Mandatory breach notification coming this fall

A NEW REGULATION requiring all organizations to notify the Office of the Privacy Commissioner of any cyber breach of personal information will take effect this fall.

The requirement under the Personal Information Protection and Electronic Documents Act is a departure from the voluntary breach notification currently in place, said Chantal Bernier, former interim privacy commissioner of Canada.

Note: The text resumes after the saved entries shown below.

text \<open>Decoding a word of h^1 (ending in y or empty) into its index sequence.\<close>
fun dec_aux :: "nat \<Rightarrow> letter list \<Rightarrow> nat list" where
  "dec_aux c [] = []"
| "dec_aux c (X # w) = dec_aux (Suc c) w"
| "dec_aux c (Y # w) = Suc c # dec_aux 0 w"

definition dec :: "letter list \<Rightarrow> nat list" where
  "dec w = dec_aux 0 w"

text \<open>The t-harmonic product of two words of h^1, given by their index sequences
  (z_k w_1 corresponds to k # w_1).\<close>
fun tharm :: "nat list \<Rightarrow> nat list \<Rightarrow> ht" where
  "tharm [] v = word (zword v)"
| "tharm u [] = word (zword u)"
| "tharm (k # u) (l # v) =
     hprep (zl k) (tharm u (l # v))
   + hprep (zl l) (tharm (k # u) v)
   + hsmult (1 - 2 * tvar) (hprep (zl (k + l)) (tharm u v))
   + (if u = [] \<and> v = [] then 0
      else hsmult (tvar ^ 2 - tvar) (hprep (replicate (k + l) X) (tharm u v)))"

definition tprod :: "ht \<Rightarrow> ht \<Rightarrow> ht" (infixl "\<star>\<^sub>t" 70) where
  "f \<star>\<^sub>t g = (\<Sum>u\<in>Poly_Mapping.keys f. \<Sum>v\<in>Poly_Mapping.keys g.
      hsmult (Poly_Mapping.lookup f u * Poly_Mapping.lookup g v) (tharm (dec u) (dec v)))"

definition tprod_list :: "ht list \<Rightarrow> ht" where
  "tprod_list fs = foldr (\<star>\<^sub>t) fs (word [])"

definition cm :: "nat \<Rightarrow> rat poly" where
  "cm m = of_nat (fact (m - 1)) * (tvar ^ m - (tvar - 1) ^ m)"

definition cPi :: "nat set set \<Rightarrow> rat poly" where
  "cPi P = (\<Prod>B\<in>P. cm (card B))"

text \<open>Blocks of a set partition listed by increasing minimum (order is irrelevant
  since the product is commutative, but this makes the iterated product explicit).\<close>
definition blocks_list :: "nat set set \<Rightarrow> nat set list" where
  "blocks_list P = map (\<lambda>m. THE B. B \<in> P \<and> Min B = m) (sorted_list_of_set (Min ` P))"

text \<open>z_{k,B} = z_{sum of k_l over l in B} (indices 0-based).\<close>
definition zblock :: "nat list \<Rightarrow> nat set \<Rightarrow> ht" where
  "zblock ks B = word (zl (\<Sum>l\<in>B. ks ! l))"

end

theory Submission
  imports Defs "HOL-Combinatorics.Multiset_Permutations"
begin

text \<open>
  Write Z(A) = zperm ks A for the sum of the words z_{k_{a_1}} ... z_{k_{a_m}} over all
  orderings (a_1, ..., a_m) of a finite index set A, and R(A) = partition_sum ks A for the
  right-hand side with the set partitions of A in place of those of {0, ..., n - 1}.
  Splitting off the block B containing a0 = min A gives R(A) = sum of c_|B| z_{k,B} *_t R(A - B)
  over all B with a0 in B and B a subset of A, so by induction on A it suffices that Z
  satisfies the same recursion.

  Expanding z_b *_t Z(A - B) by the defining recursion of *_t, the terms whose first letter
  comes from Z(A - B) collapse by induction to the sum of z_{k_a} Z(A - {a}) over a /= a0.
  In the remaining terms z_b has absorbed none, one or two further letters; regrouped by the
  resulting block D, they give z_{k,D} Z(A - D) = zlead ks A D with coefficient
  c_d + (1 - 2t)(d - 1) c_{d-1} + (t^2 - t)(d - 1)(d - 2) c_{d-2}, where d = |D|.
  This is 1 for d = 1 and 0 otherwise, because t and t - 1 are the roots of
  T^2 + (1 - 2t) T + t^2 - t. What is left is the first-letter expansion of Z(A).
\<close>

lemma lookup_hsmult [simp]: "Poly_Mapping.lookup (hsmult c f) w = c * Poly_Mapping.lookup f w"
  unfolding hsmult_def by (simp add: Poly_Mapping.map.rep_eq when_def)

lemma hsmult_add_right: "hsmult c (f + g) = hsmult c f + hsmult c g"
  by (rule poly_mapping_eqI) (simp add: lookup_add algebra_simps)

lemma hsmult_add_left: "hsmult (c + d) f = hsmult c f + hsmult d f"
  by (rule poly_mapping_eqI) (simp add: lookup_add algebra_simps)

lemma hsmult_zero [simp]: "hsmult c 0 = 0" "hsmult 0 f = 0"
  by (rule poly_mapping_eqI, simp)+

lemma hsmult_one [simp]: "hsmult 1 f = f"
  by (rule poly_mapping_eqI) simp

lemma hsmult_hsmult: "hsmult c (hsmult d f) = hsmult (c * d) f"
  by (rule poly_mapping_eqI) (simp add: algebra_simps)

lemma hsmult_sum_right: "hsmult c (sum f A) = (\<Sum>x\<in>A. hsmult c (f x))"
  by (rule poly_mapping_eqI) (simp add: lookup_sum sum_distrib_left)

lemma hsmult_sum_left: "hsmult (sum f A) g = (\<Sum>x\<in>A. hsmult (f x) g)"
  by (rule poly_mapping_eqI) (simp add: lookup_sum sum_distrib_right)

lemma hsmult_commute: "hsmult c (hsmult d f) = hsmult d (hsmult c f)"
  by (simp add: hsmult_hsmult mult.commute)

lemma sum_hsmult_const: "(\<Sum>x\<in>A. hsmult c f) = hsmult (of_nat (card A) * c) f"
  by (simp add: hsmult_sum_left[symmetric])

definition linext :: "(letter list \<Rightarrow> ht) \<Rightarrow> ht \<Rightarrow> ht" where
  "linext T f = (\<Sum>v\<in>Poly_Mapping.keys f. hsmult (Poly_Mapping.lookup f v) (T v))"

lemma linext_superset:
  assumes "finite S" "Poly_Mapping.keys f \<subseteq> S"
  shows "linext T f = (\<Sum>v\<in>S. hsmult (Poly_Mapping.lookup f v) (T v))"
  unfolding linext_def by (rule sum.mono_neutral_left) (use assms in \<open>auto simp: in_keys_iff\<close>)

lemma linext_add: "linext T (f + g) = linext T f + linext T g"
proof -
  let ?S = "Poly_Mapping.keys f \<union> Poly_Mapping.keys g"
  have "linext T (f + g) = (\<Sum>v\<in>?S. hsmult (Poly_Mapping.lookup (f + g) v) (T v))"
    by (rule linext_superset) (use keys_add[of f g] in auto)
  also have "\<dots> = (\<Sum>v\<in>?S. hsmult (Poly_Mapping.lookup f v) (T v))
                + (\<Sum>v\<in>?S. hsmult (Poly_Mapping.lookup g v) (T v))"
    by (simp add: lookup_add hsmult_add_left sum.distrib)
  also have "\<dots> = linext T f + linext T g"
    by (subst (1 2) linext_superset[of ?S]) auto
  finally show ?thesis .
qed

lemma linext_zero [simp]: "linext T 0 = 0"
  by (simp add: linext_def)

lemma linext_sum: "linext T (sum f A) = (\<Sum>x\<in>A. linext T (f x))"
  by (induction A rule: infinite_finite_induct) (simp_all add: linext_add)

lemma linext_hsmult: "linext T (hsmult c f) = hsmult c (linext T f)"
proof -
  have "linext T (hsmult c f)
      = (\<Sum>v\<in>Poly_Mapping.keys f. hsmult (Poly_Mapping.lookup (hsmult c f) v) (T v))"
    by (rule linext_superset) (auto simp: in_keys_iff)
  then show ?thesis by (simp add: linext_def hsmult_sum_right hsmult_hsmult)
qed

lemma linext_word [simp]: "linext T (word w) = T w"
  by (simp add: linext_def word_def)

lemma hprep_eq_linext: "hprep u = linext (\<lambda>v. word (u @ v))"
proof
  fix f
  have "hsmult c (word w) = Poly_Mapping.single w c" for c w
    by (rule poly_mapping_eqI) (simp add: word_def lookup_single when_def)
  then show "hprep u f = linext (\<lambda>v. word (u @ v)) f"
    by (simp add: hprep_def linext_def)
qed

lemma hprep_sum: "hprep u (sum f A) = (\<Sum>x\<in>A. hprep u (f x))"
  by (simp add: hprep_eq_linext linext_sum)

lemma hprep_hsmult: "hprep u (hsmult c f) = hsmult c (hprep u f)"
  by (simp add: hprep_eq_linext linext_hsmult)

lemma tprod_word_left: "word w \<star>\<^sub>t f = linext (\<lambda>v. tharm (dec w) (dec v)) f"
  by (simp add: tprod_def word_def linext_def)

abbreviation zw :: "nat list \<Rightarrow> ht" where
  "zw ks \<equiv> word (zword ks)"

lemma hprep_zl_zw: "hprep (zl k) (zw ks) = zw (k # ks)"
  by (simp add: hprep_eq_linext zword_def)

lemma hprep_replicate_X_zw:
  assumes "k > 0"
  shows "hprep (replicate n X) (zw (k # ks)) = zw ((n + k) # ks)"
proof -
  have "replicate n X @ zl k = zl (n + k)"
    using assms by (simp add: zl_def replicate_add[symmetric])
  then show ?thesis
    by (simp add: hprep_eq_linext zword_def flip: append.assoc)
qed

lemma dec_aux_replicate_X: "dec_aux c (replicate n X @ Y # w) = Suc (c + n) # dec_aux 0 w"
  by (induction n arbitrary: c) auto

lemma dec_zword: "\<forall>k\<in>set ks. k > 0 \<Longrightarrow> dec (zword ks) = ks"
  by (induction ks) (simp_all add: dec_def zword_def zl_def dec_aux_replicate_X)

lemma dec_zl: "k > 0 \<Longrightarrow> dec (zl k) = [k]"
  using dec_zword[of "[k]"] by (simp add: zword_def)

text \<open>
  In the (t^2 - t) term of the recursion the prefix x^(k + l) merges with the next letter
  z_m into z_{k + l + m}; this needs m > 0, as zl 0 = zl 1.
\<close>

lemma tharm_singleton_Cons:
  assumes "\<forall>m\<in>set ks. m > 0"
  shows "tharm [k] (l # ks) = zw (k # l # ks) + hprep (zl l) (tharm [k] ks)
     + hsmult (1 - 2 * tvar) (zw ((k + l) # ks))
     + (case ks of [] \<Rightarrow> 0 | m # ms \<Rightarrow> hsmult (tvar ^ 2 - tvar) (zw ((k + l + m) # ms)))"
  using assms by (cases ks) (simp_all add: hprep_zl_zw hprep_replicate_X_zw)

section \<open>Symmetrised words\<close>

lemma sum_permutations_of_set_Cons:
  assumes "finite A" "A \<noteq> {}"
  shows "(\<Sum>xs\<in>permutations_of_set A. f xs) = (\<Sum>a\<in>A. \<Sum>xs\<in>permutations_of_set (A - {a}). f (a # xs))"
proof -
  have "(\<Sum>xs\<in>permutations_of_set A. f xs)
      = (\<Sum>a\<in>A. \<Sum>xs\<in>(#) a ` permutations_of_set (A - {a}). f xs)"
    unfolding permutations_of_set_nonempty[OF assms(2)]
    by (rule sum.UNION_disjoint) (use assms in auto)
  also have "\<dots> = (\<Sum>a\<in>A. \<Sum>xs\<in>permutations_of_set (A - {a}). f (a # xs))"
    by (rule sum.cong[OF refl], subst sum.reindex) auto
  finally show ?thesis .
qed

lemma sum_permutations_of_set_case:
  assumes "finite A"
  shows "(\<Sum>xs\<in>permutations_of_set A. case xs of [] \<Rightarrow> 0 | a # ys \<Rightarrow> f a ys)
       = (\<Sum>a\<in>A. \<Sum>ys\<in>permutations_of_set (A - {a}). f a ys)"
  using assms by (cases "A = {}") (simp_all add: sum_permutations_of_set_Cons)

definition zperm :: "nat list \<Rightarrow> nat set \<Rightarrow> ht" where
  "zperm ks A = (\<Sum>xs\<in>permutations_of_set A. zw (map ((!) ks) xs))"

lemma zperm_empty [simp]: "zperm ks {} = zw []"
  by (simp add: zperm_def)

lemma zperm_rec:
  assumes "finite A" "A \<noteq> {}"
  shows "zperm ks A = (\<Sum>a\<in>A. hprep (zl (ks ! a)) (zperm ks (A - {a})))"
  using assms by (simp add: zperm_def sum_permutations_of_set_Cons hprep_sum hprep_zl_zw)

lemma tprod_zl_zperm:
  assumes "b > 0" "\<forall>i\<in>A. ks ! i > 0"
  shows "word (zl b) \<star>\<^sub>t zperm ks A = (\<Sum>xs\<in>permutations_of_set A. tharm [b] (map ((!) ks) xs))"
proof -
  have "dec (zword (map ((!) ks) xs)) = map ((!) ks) xs" if "xs \<in> permutations_of_set A" for xs
    using that assms(2) by (intro dec_zword) (auto dest: permutations_of_setD)
  then show ?thesis
    unfolding zperm_def tprod_word_left linext_sum linext_word dec_zl[OF assms(1)] by simp
qed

Speaking at this month’s International Cyber Risk Management Conference in Toronto, she said PIPEDA was passed into law in 2015 but the government delayed enforcing it until establishing regulations.

Ms. Bernier said failing to comply with the new breach notification requirements, which take effect Nov. 1, could result in significant fines — up to $100,000 per person who should have been notified and was not.

But there are certain nuances that the government leaves up to companies to answer.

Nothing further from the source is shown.